Os cemitérios de Lisboa abrem as portas aos vivos

Inês Santos Inês Santos

Os cemitérios de Lisboa abrem as portas aos vivos

Territórios ainda desconhecidos para a maioria das pessoas (vivas), os cemitérios lisboetas são locais de ampla riqueza patrimonial, cultural e artística que merecem ser descobertos pela população. A pensar nisso, a Divisão de Gestão Cemiterial tem vindo a desenvolver um ciclo de visitas guiadas para divulgar estes espaços aos mais curiosas — e corajosos!

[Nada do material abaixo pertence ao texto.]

(* Consider a maxout network $\mathcal N$ with $n_0$ inputs. Let $r\in\{0,\dots,n_0\}$ and let $J$ be an $r$-partial activation pattern. Then for every parameter value $\theta$, the activation region $\mathcal R(J,\theta)$ is a relatively open convex polyhedron in $\mathbb{R}^{n_0}$, and for almost every $\theta$ (with respect to Lebesgue measure) it is either empty or has codimension $r$.
   Context: A rank-$K$ maxout unit computes $y\mapsto\max_{k\in[K]}\{w_k\cdot y+b_k\}$. The network has hidden layers whose coordinates are rank-$K$ maxout units (followed by a linear output layer); hidden units are indexed by $z\in[N]$, and for unit $z$ in layer $l(z)$, $\zeta_{z,k}(x;\theta)=w_{z,k}\cdot x_{l(z)-1}+b_{z,k}$ is its $k$-th pre-activation feature as a function of the network input $x$ ($x_{l-1}$ the output of layer $l-1$, $x_0=x$). An activation pattern is a tuple $J=(J_z)_{z\in[N]}$ of nonempty sets $J_z\subseteq[K]$; it is $r$-partial if $\sum_z(|J_z|-1)=r$. Its activation region is $\mathcal R(J,\theta)=\{x\in\mathbb{R}^{n_0}:\arg\max_{k\in[K]}\zeta_{z,k}(x;\theta)=J_z\text{ for all }z\in[N]\}$. *)

theory Defs
  imports "HOL-Analysis.Analysis" "HOL-Probability.Probability"
begin

text \<open>Maxout network with input space real^'n (so n0 = CARD('n)) and hidden layers
  of widths ns!0, ..., ns!(L-1), L = length ns (layers numbered from 0 here).\<close>

datatype 'n param =
    W0 nat nat 'n          \<comment> \<open>W0 i k j: weight of input coordinate j in piece k of unit i of layer 0\<close>
  | W nat nat nat nat      \<comment> \<open>W l i k j (0 < l): weight of unit j of layer l-1 in piece k of unit i of layer l\<close>
  | Bp nat nat nat         \<comment> \<open>Bp l i k: bias of piece k of unit i of layer l\<close>

definition param_set :: "nat list \<Rightarrow> nat \<Rightarrow> 'n::finite param set" where
  "param_set ns K =
     {W0 i k j | i k j. 0 < length ns \<and> i < ns!0 \<and> k < K}
   \<union> {W l i k j | l i k j. 0 < l \<and> l < length ns \<and> i < ns!l \<and> k < K \<and> j < ns!(l-1)}
   \<union> {Bp l i k | l i k. l < length ns \<and> i < ns!l \<and> k < K}"

fun feat :: "('n::finite param \<Rightarrow> real) \<Rightarrow> nat list \<Rightarrow> nat \<Rightarrow> nat \<Rightarrow> real^'n \<Rightarrow> nat \<Rightarrow> nat \<Rightarrow> real" where
  "feat \<theta> ns K 0 x i k = (\<Sum>j\<in>UNIV. \<theta> (W0 i k j) * x $ j) + \<theta> (Bp 0 i k)"
| "feat \<theta> ns K (Suc l) x i k =
     (\<Sum>j<ns!l. \<theta> (W (Suc l) i k j) * Max ((\<lambda>k'. feat \<theta> ns K l x j k') ` {..<K}))
     + \<theta> (Bp (Suc l) i k)"

definition unit_out :: "('n::finite param \<Rightarrow> real) \<Rightarrow> nat list \<Rightarrow> nat \<Rightarrow> nat \<Rightarrow> real^'n \<Rightarrow> nat \<Rightarrow> real" where
  "unit_out \<theta> ns K l x i = Max ((\<lambda>k. feat \<theta> ns K l x i k) ` {..<K})"

definition argmax_set :: "('n::finite param \<Rightarrow> real) \<Rightarrow> nat list \<Rightarrow> nat \<Rightarrow> nat \<Rightarrow> real^'n \<Rightarrow> nat \<Rightarrow> nat set" where
  "argmax_set \<theta> ns K l x i =
     {k. k < K \<and> (\<forall>k'<K. feat \<theta> ns K l x i k' \<le> feat \<theta> ns K l x i k)}"

definition activation_pattern :: "nat list \<Rightarrow> nat \<Rightarrow> (nat \<Rightarrow> nat \<Rightarrow> nat set) \<Rightarrow> bool" where
  "activation_pattern ns K J \<longleftrightarrow>
     (\<forall>l<length ns. \<forall>i<ns!l. J l i \<noteq> {} \<and> J l i \<subseteq> {..<K})"

definition partial_degree :: "nat list \<Rightarrow> (nat \<Rightarrow> nat \<Rightarrow> nat set) \<Rightarrow> nat" where
  "partial_degree ns J = (\<Sum>(l,i)\<in>{(l,i). l < length ns \<and> i < ns!l}. card (J l i) - 1)"

definition activation_region ::
  "nat list \<Rightarrow> nat \<Rightarrow> (nat \<Rightarrow> nat \<Rightarrow> nat set) \<Rightarrow> ('n::finite param \<Rightarrow> real) \<Rightarrow> (real^'n) set" where
  "activation_region ns K J \<theta> =
     {x. \<forall>l<length ns. \<forall>i<ns!l. argmax_set \<theta> ns K l x i = J l i}"

end

theory Submission
  imports Defs
begin

(* On the activation region of J the maximum of every unit is attained at a fixed piece, so by
   induction over the layers all features are affine functions of the input there, and the region
   is cut out by finitely many affine equations (the pieces of J tied with a representative one)
   and strict inequalities (the pieces outside J): it is a relatively open convex polyhedron whose
   affine dimension is n0 minus the rank of the normals of the equations.  There are exactly r
   equations, and the bias of a tied piece enters its own equation only, since later layers read
   only the representative pieces.  Eliminating the equations one at a time (Gram-Schmidt on the
   normals, carrying the right-hand sides along), a dependency among the normals of a solvable
   system makes some reduced equation vanish identically; with all other parameters fixed this
   pins the corresponding bias to a single value, so by Fubini it happens only on a null set. *)

section \<open>Systems of affine equations and strict inequalities\<close>

definition solution_set :: "('q \<Rightarrow> 'a::real_inner) \<Rightarrow> ('q \<Rightarrow> real) \<Rightarrow> 'q set \<Rightarrow> 'q set \<Rightarrow> 'a set" where
  "solution_set A b Q Q' = {x. (\<forall>q\<in>Q. A q \<bullet> x = b q) \<and> (\<forall>q\<in>Q'. A q \<bullet> x < b q)}"

lemma solution_set_eq_Int:
  "solution_set A b Q Q' = (\<Inter>q\<in>Q'. {x. A q \<bullet> x < b q}) \<inter> (\<Inter>q\<in>Q. {x. A q \<bullet> x = b q})"
  by (auto simp: solution_set_def)

lemma convex_solution_set: "convex (solution_set A b Q Q')"
  unfolding solution_set_eq_Int
  by (intro convex_Int convex_INT convex_halfspace_lt convex_hyperplane)

lemma affine_solutions_eq: "affine (\<Inter>q\<in>Q. {x. A q \<bullet> x = b q})"
  by (intro affine_Inter) (auto intro: affine_hyperplane)

lemma open_solutions_lt: "finite Q' \<Longrightarrow> open (\<Inter>q\<in>Q'. {x. A q \<bullet> x < b q})"
  by (intro open_INT) (auto intro: open_halfspace_lt)

lemma rel_interior_solution_set:
  fixes A :: "'q \<Rightarrow> 'a::euclidean_space"
  assumes "finite Q'"
  shows "rel_interior (solution_set A b Q Q') = solution_set A b Q Q'"
proof (cases "solution_set A b Q Q' = {}")
  case False
  let ?U = "\<Inter>q\<in>Q'. {x. A q \<bullet> x < b q}"
  have "convex ?U" "interior ?U = ?U"
    by (simp_all add: convex_INT convex_halfspace_lt interior_open open_solutions_lt assms)
  with False show ?thesis
    unfolding solution_set_eq_Int by (simp add: rel_interior_convex_Int_affine affine_solutions_eq)
qed simp

lemma closure_solution_set:
  fixes A :: "'q \<Rightarrow> 'a::euclidean_space"
  assumes "solution_set A b Q Q' \<noteq> {}"
  shows "closure (solution_set A b Q Q') = {x. (\<forall>q\<in>Q. A q \<bullet> x = b q) \<and> (\<forall>q\<in>Q'. A q \<bullet> x \<le> b q)}"
    (is "closure ?R = ?P")
proof
  have "closed ?P"
    by (simp only: Collect_conj_eq Collect_ball_eq)
      (intro closed_Int closed_INT ballI closed_Collect_eq closed_Collect_le continuous_intros)
  then show "closure ?R \<subseteq> ?P"
    by (intro closure_minimal) (auto simp: solution_set_def less_imp_le)
next
  obtain x0 where x0: "x0 \<in> ?R" using assms by blast
  show "?P \<subseteq> closure ?R"
  proof
    fix y assume y: "y \<in> ?P"
    have "open_segment x0 y \<subseteq> ?R"
    proof
      fix z assume "z \<in> open_segment x0 y"
      then obtain u :: real where u: "0 < u" "u < 1" and z: "z = (1 - u) *\<^sub>R x0 + u *\<^sub>R y"
        by (auto simp: in_segment)
      have Az: "A q \<bullet> z = (1 - u) * (A q \<bullet> x0) + u * (A q \<bullet> y)" for q
        by (simp add: z inner_add_right)
      show "z \<in> ?R"
        unfolding solution_set_def
      proof (intro CollectI conjI ballI)
        fix q assume "q \<in> Q"
        then show "A q \<bullet> z = b q" using x0 y by (simp add: Az solution_set_def algebra_simps)
      next
        fix q assume q: "q \<in> Q'"
        have "(1 - u) * (A q \<bullet> x0) < (1 - u) * b q"
          using x0 q u by (auto simp: solution_set_def intro: mult_strict_left_mono)
        moreover have "u * (A q \<bullet> y) \<le> u * b q"
          using y q u by (auto intro: mult_left_mono)
        moreover have "(1 - u) * b q + u * b q = b q" by (simp add: algebra_simps)
        ultimately show "A q \<bullet> z < b q" unfolding Az by linarith
      qed
    qed
    then have "closure (open_segment x0 y) \<subseteq> closure ?R" by (rule closure_mono)
    then show "y \<in> closure ?R"
      using x0 closure_subset by (cases "x0 = y") auto
  qed
qed

lemma solution_set_eq_rel_interior_polyhedron:
  fixes A :: "'q \<Rightarrow> 'a::euclidean_space"
  assumes "finite Q" and "finite Q'"
  shows "\<exists>P. polyhedron P \<and> solution_set A b Q Q' = rel_interior P"
proof (cases "solution_set A b Q Q' = {}")
  case True
  then show ?thesis by (intro exI[of _ "{}"]) auto
next
  case False
  let ?P = "closure (solution_set A b Q Q')"
  have "?P = (\<Inter>q\<in>Q. {x. A q \<bullet> x = b q}) \<inter> (\<Inter>q\<in>Q'. {x. A q \<bullet> x \<le> b q})"
    unfolding closure_solution_set[OF False] by auto
  then have "polyhedron ?P"
    using assms by (auto intro!: polyhedron_Int polyhedron_Inter polyhedron_hyperplane polyhedron_halfspace_le)
  moreover have "rel_interior ?P = solution_set A b Q Q'"
    by (simp add: convex_rel_interior_closure convex_solution_set rel_interior_solution_set assms)
  ultimately show ?thesis by metis
qed

lemma aff_dim_solution_set:
  fixes A :: "'q \<Rightarrow> 'a::euclidean_space"
  assumes "finite Q'" and "solution_set A b Q Q' \<noteq> {}"
  shows "aff_dim (solution_set A b Q Q') = int DIM('a) - int (dim (A ` Q))"
proof -
  define S where "S = (\<Inter>q\<in>Q. {x. A q \<bullet> x = b q})"
  define Z where "Z = {y. \<forall>v\<in>span (A ` Q). orthogonal v y}"
  obtain x0 where x0: "x0 \<in> solution_set A b Q Q'" using assms(2) by blast
  then have "x0 \<in> S" by (auto simp: S_def solution_set_eq_Int)
  have "openin (top_of_set S) (solution_set A b Q Q')"
    using openin_open_Int[OF open_solutions_lt[OF assms(1)], of S]
    by (simp add: solution_set_eq_Int S_def Int_commute)
  then have "aff_dim (solution_set A b Q Q') = aff_dim S"
    using affine_solutions_eq assms(2) unfolding S_def by (rule aff_dim_openin)
  also have "S = (+) x0 ` Z"
  proof -
    have "y \<in> Z \<longleftrightarrow> (\<forall>q\<in>Q. A q \<bullet> y = 0)" for y
    proof
      show "y \<in> Z \<Longrightarrow> \<forall>q\<in>Q. A q \<bullet> y = 0"
        by (auto simp: Z_def orthogonal_def intro: span_base)
      assume "\<forall>q\<in>Q. A q \<bullet> y = 0"
      then have "orthogonal y v" if "v \<in> span (A ` Q)" for v
        using that by (intro orthogonal_to_span[of v]) (auto simp: orthogonal_def inner_commute)
      then show "y \<in> Z" by (auto simp: Z_def orthogonal_commute)
    qed
    then show ?thesis
      using \<open>x0 \<in> S\<close> unfolding S_def
      by (auto simp: image_iff inner_add_right inner_diff_right intro!: bexI[of _ "_ - x0"])
  qed
  also have "aff_dim ((+) x0 ` Z) = int (dim Z)"
    by (simp add: aff_dim_translation_eq aff_dim_subspace Z_def subspace_orthogonal_to_vectors)
  also have "dim Z = DIM('a) - dim (A ` Q)"
    using dim_subspace_orthogonal_to_vectors[of "span (A ` Q)" UNIV] by (simp add: Z_def)
  finally show ?thesis
    using dim_subset_UNIV[of "A ` Q"] by simp
qed

section \<open>Gram-Schmidt elimination of affine equations\<close>

definition proj_coeff :: "'a::real_inner \<Rightarrow> 'a \<Rightarrow> real" where
  "proj_coeff u v = (v \<bullet> u) / (u \<bullet> u)"

(* The right-hand sides undergo the same row operations as the normals, with coefficients
   determined by the normals alone. *)
definition gs_step :: "('a::real_inner \<times> real) list \<Rightarrow> 'a \<times> real \<Rightarrow> 'a \<times> real" where
  "gs_step es e =
     (fst e - (\<Sum>i<length es. proj_coeff (fst (es ! i)) (fst e) *\<^sub>R fst (es ! i)),
      snd e - (\<Sum>i<length es. proj_coeff (fst (es ! i)) (fst e) * snd (es ! i)))"

fun gram_schmidt :: "('a::real_inner \<times> real) list \<Rightarrow> ('a \<times> real) list" where
  "gram_schmidt [] = []"
| "gram_schmidt (e # es) = gs_step (gram_schmidt es) e # gram_schmidt es"

lemma length_gram_schmidt [simp]: "length (gram_schmidt es) = length es"
  by (induct es) auto

lemma nth_gram_schmidt:
  "j < length es \<Longrightarrow> gram_schmidt es ! j = gs_step (gram_schmidt (drop (Suc j) es)) (es ! j)"
  by (induct es arbitrary: j) (auto simp: nth_Cons split: nat.split)

lemma gram_schmidt_solution:
  assumes "\<forall>e\<in>set es. fst e \<bullet> x = snd e"
  shows "\<forall>e\<in>set (gram_schmidt es). fst e \<bullet> x = snd e"
  using assms
proof (induct es)
  case (Cons e es)
  let ?gs = "gram_schmidt es"
  have "fst (gs_step ?gs e) \<bullet> x - snd (gs_step ?gs e)
        = (fst e \<bullet> x - snd e)
          - (\<Sum>i<length ?gs. proj_coeff (fst (?gs ! i)) (fst e) * (fst (?gs ! i) \<bullet> x - snd (?gs ! i)))"
    by (simp add: gs_step_def inner_diff_left inner_sum_left sum_subtractf algebra_simps)
  also have "\<dots> = 0" using Cons by simp
  finally show ?case using Cons by simp
qed simp

lemma gs_step_orthogonal:
  assumes "\<forall>i<length es. \<forall>j<length es. i \<noteq> j \<longrightarrow> fst (es ! i) \<bullet> fst (es ! j) = 0"
    and "m < length es"
  shows "fst (gs_step es e) \<bullet> fst (es ! m) = 0"
proof -
  let ?u = "\<lambda>i. fst (es ! i)"
  let ?c = "\<lambda>i. proj_coeff (?u i) (fst e)"
  have "(\<Sum>i<length es. ?c i * (?u i \<bullet> ?u m)) = ?c m * (?u m \<bullet> ?u m)"
    using assms by (subst sum.remove[of _ m]) (auto intro!: sum.neutral)
  also have "\<dots> = fst e \<bullet> ?u m"
    by (cases "?u m = 0") (auto simp: proj_coeff_def)
  finally show ?thesis
    by (simp add: gs_step_def inner_diff_left inner_sum_left)
qed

Até ao fim do ano, alguns dos mais importantes cemitérios da cidade (Cemitério do Alto de São João, Cemitério da Ajuda e Cemitério dos Prazeres) recebem visitas guiadas. O objetivo das visitas orientadas é comum a todas as datas: dar a conhecer “o património histórico cemiterial, nas vertentes artística, política, social e religiosa”, sob orientação dos técnicos da CML.

1. Cemitério dos Prazeres

Sabiam que o cemitério dos Prazeres já recebeu até classificação museológica? É um autêntico “museu a céu aberto” e percorrê-lo é perceber também a História nacional, do século XIX ao presente.  Estão aqui sepultadas personalidades como Mário Cesariny, Natália Correia, Vasco Santana, Carlos Paredes ou Ofélia Queiroz, a única namorada oficial de Fernando Pessoa.

É também nos Prazeres que se encontra o maior jazigo privado da Europa, apelidado “Jazigo Palmela”, construído em 1847 e pensado pelo arquiteto Arquiteto Giuseppe Cinatti.

  • Visitas programadas:
    • sábado, 14 de dezembro – 14h30 – visita focada na simbologia
    • sexta, 20 de dezembro – 10h – visita em inglês
    • sábado, 28 de dezembro – 10h – visita focada no Jazigo Palmela
  • Inscrição gratuita mas obrigatória através do email dmaevce.dgc@cm-lisboa.pt.
Foto: flickr | @abz.rec

2. Cemitério do Alto de São João

Inaugurado em 1833 para acudir a um surto de cólera que dizimou Lisboa, este cemitério é atualmente o maior da cidade. São 22 hectares, onde se encontram várias tipologias e inúmeros estilos arquitectónicos!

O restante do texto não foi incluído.